== Exercise inputs

theorem lemma18:
  fixes q :: nat and \<epsilon> lam mustar :: real
  assumes "q \<ge> 1" and "0 < \<epsilon>" and "\<epsilon> \<le> 1" and "0 < mustar" and "mustar < lam"
  shows "\<exists>(m::nat) (H::nat set set) (w::nat set \<Rightarrow> real)
            (M::(nat \<Rightarrow> bool) measure) (X::nat \<Rightarrow> (nat \<Rightarrow> bool) \<Rightarrow> real).
    finite H \<and> (\<forall>h\<in>H. h \<subseteq> {..<m}) \<and> (\<forall>h\<in>H. 0 \<le> w h) \<and>
    (\<forall>h\<in>H. card h \<le> q) \<and> (\<exists>h\<in>H. card h = q \<and> 0 < w h) \<and>
    prob_space M \<and> prob_space.indep_vars M (\<lambda>_. borel) X {..<m} \<and>
    (\<forall>i<m. \<forall>\<omega>\<in>space M. X i \<omega> \<in> {0, 1}) \<and>
    (let EXi = (\<lambda>i. integral\<^sup>L M (X i));
         fX = (\<lambda>\<omega>. mpoly_eval H w (\<lambda>i. X i \<omega>));
         EfX = integral\<^sup>L M fX;
         r = (lam / mustar) powr (1 / real q)
     in (\<forall>j\<le>q. mu j m H w EXi \<le> \<epsilon> ^ (q - j) * mustar) \<and>
        measure M {\<omega>\<in>space M. fX \<omega> - EfX \<ge> lam}
          \<ge> exp (- 2 * \<epsilon>) * (\<epsilon> / (4 * real q * r)) powr (4 * real q * r) \<and>
        measure M {\<omega>\<in>space M. fX \<omega> - EfX \<ge> mustar}
          \<ge> exp (- 2 * \<epsilon>) * (\<epsilon> / real (q + 1)) ^ (q + 1))"
proof -
  define r where "r = (lam / mustar) powr (1 / real q)"
  have r: "1 < r" "mustar * r ^ q = lam"
    using assms by (auto simp: r_def powr_powr field_simps simp flip: powr_realpow)
  obtain K where K: "2 * q \<le> K" "real K \<le> 4 * real q * r" "r ^ q + 1 \<le> real (K choose q)"
    using exists_size_binomial_ge[OF r(1) assms(1)] by blast
  define p where "p = \<epsilon> / real K"
  have p: "0 < p" "p \<le> 1/2" "real K * p = \<epsilon>"
    using K assms by (auto simp: p_def field_simps)
  let ?P = "bernoulli_cube K p"
  have "exp (- 2 * \<epsilon>) * (\<epsilon> / (4 * real q * r)) powr (4 * real q * r)
      \<le> (\<epsilon> / (4 * real q * r)) powr (4 * real q * r)"
    using assms by (intro mult_left_le_one_le) auto
  also have "\<dots> \<le> p ^ K"
    unfolding p_def using K assms by (intro powr_div_le_power_div) auto
  also have "\<dots> \<le> measure_pmf.prob ?P
      {\<omega>. lam \<le> complete_poly K q mustar \<omega> - measure_pmf.expectation ?P (complete_poly K q mustar)}"
    using mult_left_mono[OF K(3), of mustar] r K p assms
    by (intro tail_complete_poly_all_ones) (auto simp: algebra_simps)
  finally have ii: "exp (- 2 * \<epsilon>) * (\<epsilon> / (4 * real q * r)) powr (4 * real q * r) \<le> \<dots>" .
  have iii: "exp (- 2 * \<epsilon>) * (\<epsilon> / real (q + 1)) ^ (q + 1) \<le> measure_pmf.prob ?P
      {\<omega>. mustar \<le> complete_poly K q mustar \<omega> - measure_pmf.expectation ?P (complete_poly K q mustar)}"
    using tail_complete_poly_q_plus_one[of q K p mustar] K p assms by simp
  have EX: "measure_pmf.expectation ?P (\<lambda>\<omega>. of_bool (\<omega> i)) = p" if "i < K" for i
    using expectation_bernoulli_cube_prod[of "{i}" K p] that p by simp
  have mu: "mu j K (complete_hypergraph K q) (\<lambda>_. mustar)
      (\<lambda>i. measure_pmf.expectation ?P (\<lambda>\<omega>. of_bool (\<omega> i))) \<le> \<epsilon> ^ (q - j) * mustar" if "j \<le> q" for j
    using that K p assms EX by (intro mu_complete_hypergraph_le) auto
  have H: "\<forall>h\<in>complete_hypergraph K q. h \<subseteq> {..<K} \<and> card h \<le> q" "{..<q} \<in> complete_hypergraph K q"
    using K by (auto simp: complete_hypergraph_def)
  show ?thesis
    unfolding Let_def r_def[symmetric]
    by (intro exI[of _ K] exI[of _ "complete_hypergraph K q"] exI[of _ "\<lambda>_. mustar"]
        exI[of _ "measure_pmf ?P"] exI[of _ "\<lambda>i \<omega>. of_bool (\<omega> i)"] conjI)
       (use ii iii mu H assms(4) in \<open>simp_all add: finite_complete_hypergraph
         indep_vars_bernoulli_cube measure_pmf.prob_space_axioms bexI[OF _ H(2)]\<close>)
qed

end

====

__How to complete this task__.
Copy the whole of the data above exactly.

__Completed exercise__.
theorem lemma18:
  fixes q :: nat and \<epsilon> lam mustar :: real
  assumes "q \<ge> 1" and "0 < \<epsilon>" and "\<epsilon> \<le> 1" and "0 < mustar" and "mustar < lam"
  shows "\<exists>(m::nat) (H::nat set set) (w::nat set \<Rightarrow> real)
            (M::(nat \<Rightarrow> bool) measure) (X::nat \<Rightarrow> (nat \<Rightarrow> bool) \<Rightarrow> real).
    finite H \<and> (\<forall>h\<in>H. h \<subseteq> {..<m}) \<and> (\<forall>h\<in>H. 0 \<le> w h) \<and>
    (\<forall>h\<in>H. card h \<le> q) \<and> (\<exists>h\<in>H. card h = q \<and> 0 < w h) \<and>
    prob_space M \<and> prob_space.indep_vars M (\<lambda>_. borel) X {..<m} \<and>
    (\<forall>i<m. \<forall>\<omega>\<in>space M. X i \<omega> \<in> {0, 1}) \<and>
    (let EXi = (\<lambda>i. integral\<^sup>L M (X i));
         fX = (\<lambda>\<omega>. mpoly_eval H w (\<lambda>i. X i \<omega>));
         EfX = integral\<^sup>L M fX;
         r = (lam / mustar) powr (1 / real q)
     in (\<forall>j\<le>q. mu j m H w EXi \<le> \<epsilon> ^ (q - j) * mustar) \<and>
        measure M {\<omega>\<in>space M. fX \<omega> - EfX \<ge> lam}
          \<ge> exp (- 2 * \<epsilon>) * (\<epsilon> / (4 * real q * r)) powr (4 * real q * r) \<and>
        measure M {\<omega>\<in>space M. fX \<omega> - EfX \<ge> mustar}
          \<ge> exp (- 2 * \<epsilon>) * (\<epsilon> / real (q + 1)) ^ (q + 1))"
proof -
  define r where "r = (lam / mustar) powr (1 / real q)"
  have r: "1 < r" "mustar * r ^ q = lam"
    using assms by (auto simp: r_def powr_powr field_simps simp flip: powr_realpow)
  obtain K where K: "2 * q \<le> K" "real K \<le> 4 * real q * r" "r ^ q + 1 \<le> real (K choose q)"
    using exists_size_binomial_ge[OF r(1) assms(1)] by blast
  define p where "p = \<epsilon> / real K"
  have p: "0 < p" "p \<le> 1/2" "real K * p = \<epsilon>"
    using K assms by (auto simp: p_def field_simps)
  let ?P = "bernoulli_cube K p"
  have "exp (- 2 * \<epsilon>) * (\<epsilon> / (4 * real q * r)) powr (4 * real q * r)
      \<le> (\<epsilon> / (4 * real q * r)) powr (4 * real q * r)"
    using assms by (intro mult_left_le_one_le) auto
  also have "\<dots> \<le> p ^ K"
    unfolding p_def using K assms by (intro powr_div_le_power_div) auto
  also have "\<dots> \<le> measure_pmf.prob ?P
      {\<omega>. lam \<le> complete_poly K q mustar \<omega> - measure_pmf.expectation ?P (complete_poly K q mustar)}"
    using mult_left_mono[OF K(3), of mustar] r K p assms
    by (intro tail_complete_poly_all_ones) (auto simp: algebra_simps)
  finally have ii: "exp (- 2 * \<epsilon>) * (\<epsilon> / (4 * real q * r)) powr (4 * real q * r) \<le> \<dots>" .
  have iii: "exp (- 2 * \<epsilon>) * (\<epsilon> / real (q + 1)) ^ (q + 1) \<le> measure_pmf.prob ?P
      {\<omega>. mustar \<le> complete_poly K q mustar \<omega> - measure_pmf.expectation ?P (complete_poly K q mustar)}"
    using tail_complete_poly_q_plus_one[of q K p mustar] K p assms by simp
  have EX: "measure_pmf.expectation ?P (\<lambda>\<omega>. of_bool (\<omega> i)) = p" if "i < K" for i
    using expectation_bernoulli_cube_prod[of "{i}" K p] that p by simp
  have mu: "mu j K (complete_hypergraph K q) (\<lambda>_. mustar)
      (\<lambda>i. measure_pmf.expectation ?P (\<lambda>\<omega>. of_bool (\<omega> i))) \<le> \<epsilon> ^ (q - j) * mustar" if "j \<le> q" for j
    using that K p assms EX by (intro mu_complete_hypergraph_le) auto
  have H: "\<forall>h\<in>complete_hypergraph K q. h \<subseteq> {..<K} \<and> card h \<le> q" "{..<q} \<in> complete_hypergraph K q"
    using K by (auto simp: complete_hypergraph_def)
  show ?thesis
    unfolding Let_def r_def[symmetric]
    by (intro exI[of _ K] exI[of _ "complete_hypergraph K q"] exI[of _ "\<lambda>_. mustar"]
        exI[of _ "measure_pmf ?P"] exI[of _ "\<lambda>i \<omega>. of_bool (\<omega> i)"] conjI)
       (use ii iii mu H assms(4) in \<open>simp_all add: finite_complete_hypergraph
         indep_vars_bernoulli_cube measure_pmf.prob_space_axioms bexI[OF _ H(2)]\<close>)
qed

end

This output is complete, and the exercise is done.